Каждый раз, возвращаясь мыслями к этому дню, я будто натыкаюсь на стену с единственным полупрозрачным оконцем. Последовательность событий ускользает от меня, звуки крошатся пересушенным сеном, но миг, когда наши глаза встретились, так точен и пронзителен, что не остаётся сомнений в его поддельности. Искусственные камни не имеют изъяна, бутафория еды выглядит вкуснее, а наши выдумки гораздо детальнее, чем истинные воспоминания. Наверное, я разглядел его глаза намного позже, а по-настоящему взглянул в них лишь однажды, когда они уже перестали так дерзко сиять, когда их зелень уступила матовой серости пролетающих над нами грозовых туч. Но, даже зная это, я не перестаю видеть их в своих снах именно такими — глазами пятилетнего растерянного мальчика, закутанного в свои слишком тёплые одежды.

Они меняли цвет. Наверное, глаза любого человека меняют окраску в зависимости от освещения, от подобранного костюма, от окружающих предметов.

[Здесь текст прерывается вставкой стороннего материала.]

(* Let $u=u_1\cdots u_r$ be an allowed word of $\Sigma_A$ with $r\ge2$ and let $\mathcal G=\{u\}$. Then $$\det(\mathbf I-z\,B_{\mathcal G}\circ P_{r-1})=f_u(z),\qquad\text{where } f_u(z)=\tilde\tau_u(z)\det(\mathbf I-zP)+z^{r-1}\delta_u\big(\operatorname{adj}(\mathbf I-zP)\big)_{u_ru_1}.$$
   Context: Let $\Sigma=\{1,\dots,N\}$, $A$ an irreducible $N\times N$ $0$–$1$ matrix, $\Sigma_A=\{x\in\Sigma^{\mathbb N}:A_{x_nx_{n+1}}=1\ \forall n\}$; $\mathcal L_n$ is the set of allowed words of length $n$ (occurring in some element of $\Sigma_A$). $P$ is a row-stochastic matrix with $P_{ij}>0$ iff $A_{ij}=1$. For $X=x_1\cdots x_n,Y=y_1\cdots y_n\in\mathcal L_n$ with $x_2\cdots x_n=y_1\cdots y_{n-1}$ (vacuous if $n=1$), $X*Y=x_1\cdots x_ny_n$. $P_n$ is indexed by $\mathcal L_n$ with $(P_n)_{XY}=P_{x_ny_n}$ if $X*Y$ is defined and lies in $\mathcal L_{n+1}$, and $0$ otherwise. $B_{\{u\}}$ is the $0$–$1$ matrix indexed by $\mathcal L_{r-1}$ with entry $1$ at $(X,Y)$ iff $X*Y$ is defined, lies in $\mathcal L_r$, and $X*Y\ne u$ (for $r-1\ge1$; when $r=2$ this is indexed by $\Sigma=\mathcal L_1$). $\circ$ is the Hadamard product, $\operatorname{adj}$ the adjugate. $\delta_u=P_{u_1u_2}\cdots P_{u_{r-1}u_r}$; for $0\le s\le r-1$, $c_{s,u,u}=1$ if $u_{s+1}\cdots u_r=u_1\cdots u_{r-s}$ and $0$ otherwise, $\delta_{s,u,u}=\prod_{j=r-s}^{r-1}P_{u_ju_{j+1}}$ (empty product $=1$), $\tau_u(z)=\sum_{s=0}^{r-1}c_{s,u,u}\delta_{s,u,u}z^s$, and $\tilde\tau_u(z)=\tau_u(z)-z^{r-1}c_{r-1,u,u}\delta_u$. *)

theory Defs
  imports "HOL-Analysis.Analysis"
begin

text \<open>Alphabet \<Sigma> = {1..N}; words are lists over nat; A is a 0-1 matrix given as a
function nat => nat => nat, P a real matrix nat => nat => real (only entries on
\<Sigma> matter).\<close>

definition alphabet :: "nat \<Rightarrow> nat set" where
  "alphabet N = {1..N}"

definition zero_one_matrix :: "nat \<Rightarrow> (nat \<Rightarrow> nat \<Rightarrow> nat) \<Rightarrow> bool" where
  "zero_one_matrix N A \<longleftrightarrow> (\<forall>i\<in>alphabet N. \<forall>j\<in>alphabet N. A i j \<in> {0,1})"

text \<open>Irreducible: for all i, j there is n \<ge> 1 with (A^n)_{ij} > 0, i.e. a path
of positive length from i to j along allowed transitions.\<close>
definition irreducible_01 :: "nat \<Rightarrow> (nat \<Rightarrow> nat \<Rightarrow> nat) \<Rightarrow> bool" where
  "irreducible_01 N A \<longleftrightarrow>
     (\<forall>i\<in>alphabet N. \<forall>j\<in>alphabet N. \<exists>w::nat list.
        length w \<ge> 2 \<and> hd w = i \<and> last w = j \<and> set w \<subseteq> alphabet N \<and>
        (\<forall>k. Suc k < length w \<longrightarrow> A (w ! k) (w ! Suc k) = 1))"

definition shift_space :: "nat \<Rightarrow> (nat \<Rightarrow> nat \<Rightarrow> nat) \<Rightarrow> (nat \<Rightarrow> nat) set" where
  "shift_space N A = {x. (\<forall>n. x n \<in> alphabet N) \<and> (\<forall>n. A (x n) (x (Suc n)) = 1)}"

definition allowed_words :: "nat \<Rightarrow> (nat \<Rightarrow> nat \<Rightarrow> nat) \<Rightarrow> nat \<Rightarrow> nat list set" where
  "allowed_words N A n = {w. \<exists>x\<in>shift_space N A. \<exists>k. w = map x [k..<k+n]}"

definition row_stochastic_compatible ::
  "nat \<Rightarrow> (nat \<Rightarrow> nat \<Rightarrow> nat) \<Rightarrow> (nat \<Rightarrow> nat \<Rightarrow> real) \<Rightarrow> bool" where
  "row_stochastic_compatible N A P \<longleftrightarrow>
     (\<forall>i\<in>alphabet N. \<forall>j\<in>alphabet N. P i j \<ge> 0 \<and> (P i j > 0 \<longleftrightarrow> A i j = 1)) \<and>
     (\<forall>i\<in>alphabet N. (\<Sum>j\<in>alphabet N. P i j) = 1)"

definition star_defined :: "nat list \<Rightarrow> nat list \<Rightarrow> bool" where
  "star_defined X Y \<longleftrightarrow> length X = length Y \<and> X \<noteq> [] \<and> tl X = butlast Y"

definition star :: "nat list \<Rightarrow> nat list \<Rightarrow> nat list" where
  "star X Y = X @ [last Y]"

definition higher_block_P ::
  "nat \<Rightarrow> (nat \<Rightarrow> nat \<Rightarrow> nat) \<Rightarrow> (nat \<Rightarrow> nat \<Rightarrow> real) \<Rightarrow> nat \<Rightarrow> nat list \<Rightarrow> nat list \<Rightarrow> real" where
  "higher_block_P N A P n X Y =
     (if star_defined X Y \<and> star X Y \<in> allowed_words N A (Suc n) then P (last X) (last Y) else 0)"

definition B_single ::
  "nat \<Rightarrow> (nat \<Rightarrow> nat \<Rightarrow> nat) \<Rightarrow> nat list \<Rightarrow> nat list \<Rightarrow> nat list \<Rightarrow> real" where
  "B_single N A u X Y =
     (if star_defined X Y \<and> star X Y \<in> allowed_words N A (length u) \<and> star X Y \<noteq> u then 1 else 0)"

definition hadamard :: "('i \<Rightarrow> 'i \<Rightarrow> 'a::times) \<Rightarrow> ('i \<Rightarrow> 'i \<Rightarrow> 'a) \<Rightarrow> 'i \<Rightarrow> 'i \<Rightarrow> 'a" where
  "hadamard M M' i j = M i j * M' i j"

definition det_on :: "'i set \<Rightarrow> ('i \<Rightarrow> 'i \<Rightarrow> 'a::comm_ring_1) \<Rightarrow> 'a" where
  "det_on I M = (\<Sum>p\<in>{p. p permutes I}. of_int (sign p) * (\<Prod>i\<in>I. M i (p i)))"

text \<open>Adjugate: adj(M)_{ij} is the (j,i) cofactor, i.e. the determinant of M with
row j replaced by the i-th unit row vector.\<close>
definition adj_on :: "'i set \<Rightarrow> ('i \<Rightarrow> 'i \<Rightarrow> 'a::comm_ring_1) \<Rightarrow> 'i \<Rightarrow> 'i \<Rightarrow> 'a" where
  "adj_on I M i j = det_on I (\<lambda>a b. if a = j then (if b = i then 1 else 0) else M a b)"

definition id_minus :: "'a::comm_ring_1 \<Rightarrow> ('i \<Rightarrow> 'i \<Rightarrow> 'a) \<Rightarrow> 'i \<Rightarrow> 'i \<Rightarrow> 'a" where
  "id_minus z M i j = (if i = j then 1 else 0) - z * M i j"

text \<open>Quantities attached to u = u_1..u_r (list index k corresponds to u_{k+1}).\<close>
definition delta_u :: "(nat \<Rightarrow> nat \<Rightarrow> real) \<Rightarrow> nat list \<Rightarrow> real" where
  "delta_u P u = (\<Prod>j\<in>{1..length u - 1}. P (u ! (j - 1)) (u ! j))"

definition c_uu :: "nat \<Rightarrow> nat list \<Rightarrow> real" where
  "c_uu s u = (if drop s u = take (length u - s) u then 1 else 0)"

definition delta_s_uu :: "(nat \<Rightarrow> nat \<Rightarrow> real) \<Rightarrow> nat \<Rightarrow> nat list \<Rightarrow> real" where
  "delta_s_uu P s u = (\<Prod>j\<in>{length u - s..length u - 1}. P (u ! (j - 1)) (u ! j))"

definition tau_u :: "(nat \<Rightarrow> nat \<Rightarrow> real) \<Rightarrow> nat list \<Rightarrow> complex \<Rightarrow> complex" where
  "tau_u P u z = (\<Sum>s\<in>{0..length u - 1}. of_real (c_uu s u * delta_s_uu P s u) * z ^ s)"

definition tau_tilde_u :: "(nat \<Rightarrow> nat \<Rightarrow> real) \<Rightarrow> nat list \<Rightarrow> complex \<Rightarrow> complex" where
  "tau_tilde_u P u z = tau_u P u z
     - z ^ (length u - 1) * of_real (c_uu (length u - 1) u * delta_u P u)"

definition f_u :: "nat \<Rightarrow> (nat \<Rightarrow> nat \<Rightarrow> real) \<Rightarrow> nat list \<Rightarrow> complex \<Rightarrow> complex" where
  "f_u N P u z =
     tau_tilde_u P u z * det_on (alphabet N) (id_minus z (\<lambda>i j. of_real (P i j)))
     + z ^ (length u - 1) * of_real (delta_u P u)
       * adj_on (alphabet N) (id_minus z (\<lambda>i j. of_real (P i j))) (last u) (hd u)"

end

theory Submission
  imports Defs "Jordan_Normal_Form.Determinant" "HOL-Computational_Algebra.Polynomial"
begin

text \<open>Write \<open>M\<^sub>n = I - z P\<^sub>n\<close>. Factoring \<open>M\<^sub>n\<^sub>+\<^sub>1\<close> through the maps ``delete the first letter''
  and ``append a letter'' and applying Sylvester's identity \<open>det (I - D E) = det (I - E D)\<close> shows
  \<open>det M\<^sub>n = det (I - z P)\<close> for all \<open>n \<ge> 1\<close>. Over the polynomial ring in \<open>z\<close>, where this
  determinant is nonzero, the adjugate of \<open>M\<^sub>n\<close> can be written down explicitly through correlation
  polynomials of words and the adjugate of \<open>I - z P\<close>. Forbidding \<open>u\<close> deletes the single entry of
  \<open>P\<^sub>r\<^sub>-\<^sub>1\<close> at \<open>(u\<^sub>1\<cdots>u\<^sub>r\<^sub>-\<^sub>1, u\<^sub>2\<cdots>u\<^sub>r)\<close>, so the determinant changes by
  \<open>z P\<^bsub>u\<^sub>r\<^sub>-\<^sub>1u\<^sub>r\<^esub>\<close> times one adjugate entry of \<open>M\<^sub>r\<^sub>-\<^sub>1\<close>, and evaluating that entry gives \<open>f\<^sub>u\<close>.\<close>

section \<open>Determinants over finite index sets\<close>

lemma det_on_cong:
  assumes "\<And>a b. a \<in> I \<Longrightarrow> b \<in> I \<Longrightarrow> M a b = M' a b"
  shows "det_on I M = det_on I M'"
  unfolding det_on_def
proof (intro sum.cong arg_cong[where f = "(*) _"] prod.cong refl)
  fix q i assume "q \<in> {p. p permutes I}" "i \<in> I"
  then show "M i (q i) = M' i (q i)" using assms by (simp add: permutes_in_image)
qed

lemma bij_betw_map_permutation:
  assumes f: "bij_betw f A B"
  shows "bij_betw (map_permutation A f) {p. p permutes A} {q. q permutes B}"
proof (rule bij_betw_byWitness[where f' = "map_permutation B (inv_into A f)"])
  have inj: "inj_on f A" using f by (rule bij_betw_imp_inj_on)
  have f': "bij_betw (inv_into A f) B A" using f by (rule bij_betw_inv_into)
  show "\<forall>p\<in>{p. p permutes A}. map_permutation B (inv_into A f) (map_permutation A f p) = p"
    using map_permutation_compose_inv[OF f] inj by auto
  show "\<forall>q\<in>{q. q permutes B}. map_permutation A f (map_permutation B (inv_into A f) q) = q"
    using map_permutation_compose_inv[OF f'] f by (auto simp: bij_betw_def f_inv_into_f)
  show "map_permutation A f ` {p. p permutes A} \<subseteq> {q. q permutes B}"
    using map_permutation_permutes[OF f] by auto
  show "map_permutation B (inv_into A f) ` {q. q permutes B} \<subseteq> {p. p permutes A}"
    using map_permutation_permutes[OF f'] by auto
qed

lemma det_on_reindex:
  assumes f: "bij_betw f A B" and fin: "finite A"
  shows "det_on B M = det_on A (\<lambda>i j. M (f i) (f j))"
proof -
  have inj: "inj_on f A" using f by (rule bij_betw_imp_inj_on)
  have "det_on B M = (\<Sum>p | p permutes A.
      of_int (sign (map_permutation A f p)) * (\<Prod>b\<in>B. M b (map_permutation A f p b)))"
    unfolding det_on_def by (rule sum.reindex_bij_betw[OF bij_betw_map_permutation[OF f], symmetric])
  also have "\<dots> = det_on A (\<lambda>i j. M (f i) (f j))"
    unfolding det_on_def
  proof (rule sum.cong[OF refl])
    fix p assume p: "p \<in> {p. p permutes A}"
    have "(\<Prod>b\<in>B. M b (map_permutation A f p b)) = (\<Prod>i\<in>A. M (f i) (map_permutation A f p (f i)))"
      by (rule prod.reindex_bij_betw[OF f, symmetric])
    also have "\<dots> = (\<Prod>i\<in>A. M (f i) (f (p i)))"
      by (simp add: map_permutation_apply[OF inj])
    finally show "of_int (sign (map_permutation A f p)) * (\<Prod>b\<in>B. M b (map_permutation A f p b))
        = of_int (sign p) * (\<Prod>i\<in>A. M (f i) (f (p i)))"
      using sign_map_permutation[OF inj _ fin] p by simp
  qed
  finally show ?thesis .
qed

lemma det_on_eq_det_mat:
  fixes M :: "'i \<Rightarrow> 'i \<Rightarrow> 'a::comm_ring_1"
  assumes h: "bij_betw h {0..<card I} I"
  shows "det_on I M = det (mat (card I) (card I) (\<lambda>(i, j). M (h i) (h j)))"
proof -
  have "det_on {0..<n} M' = det (mat n n (\<lambda>(i, j). M' i j))" for n and M' :: "nat \<Rightarrow> nat \<Rightarrow> 'a"
    unfolding det_on_def det_def by (auto intro!: sum.cong prod.cong)
  then show ?thesis by (simp add: det_on_reindex[OF h])
qed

От того, на что человек смотрит, в конце концов, и какие чувства испытывает. Но у моего брата это проявлялось особенно сильно. Или же я наблюдал за ним слишком пристально?

Я довольно быстро привык к его присутствию, к тонкому голосу, к смешному акценту и к его пестроте. Мой брат был похож на странную заморскую птичку, каждое пёрышко которой идеально сочетается с остальными, но совершенно не приспособленную для полётов. Его доверчивость подкупала и бесила одновременно. Он не хотел всем нравиться, но почти все при дворе были в него влюблены. Мы провели вместе времени больше, чем мне хотелось, но меньше, чем надо.

К тринадцати годам мало что осталось от того капустного мальчика. Его волосы потемнели до светло-русого, а кожа, напротив, сделалась белоснежной. Он не мог загорать — буквально за десять минут становясь розовым, а за полчаса покрываясь волдырями. Я дразнил его, брал на слабо. Он вёлся, не по глупости, а из великодушия. Ему нравилось проигрывать, чтобы доставить мне удовольствие. А мне просто — выигрывать. Но когда брата, вносили в прохладные покои, и он стонал от боли, я не чувствовал себя победителем. Кожа слезала с него целыми пластами. И вместе с этой омертвевшей, пурпурной с примесью синего, кожей слезала моя уверенность, что я вправе так издеваться над ним. Мне было больно. Спина горела от полученной порки, а сердце — от жалости.

Если бы меня спросили, какого моё последнее впечатление, я бы ответил всего двумя словами: много красного. Нестерпимо много красного. Карминового, заливающего его шею и пальцы, ярко-алого, пламенем пожирающего палубу и гранатового у самого далёкого горизонта. Если бы меня спросили. Но я снова молча закрываю глаза и погружаюсь в непроглядный мрак.

Загрузка...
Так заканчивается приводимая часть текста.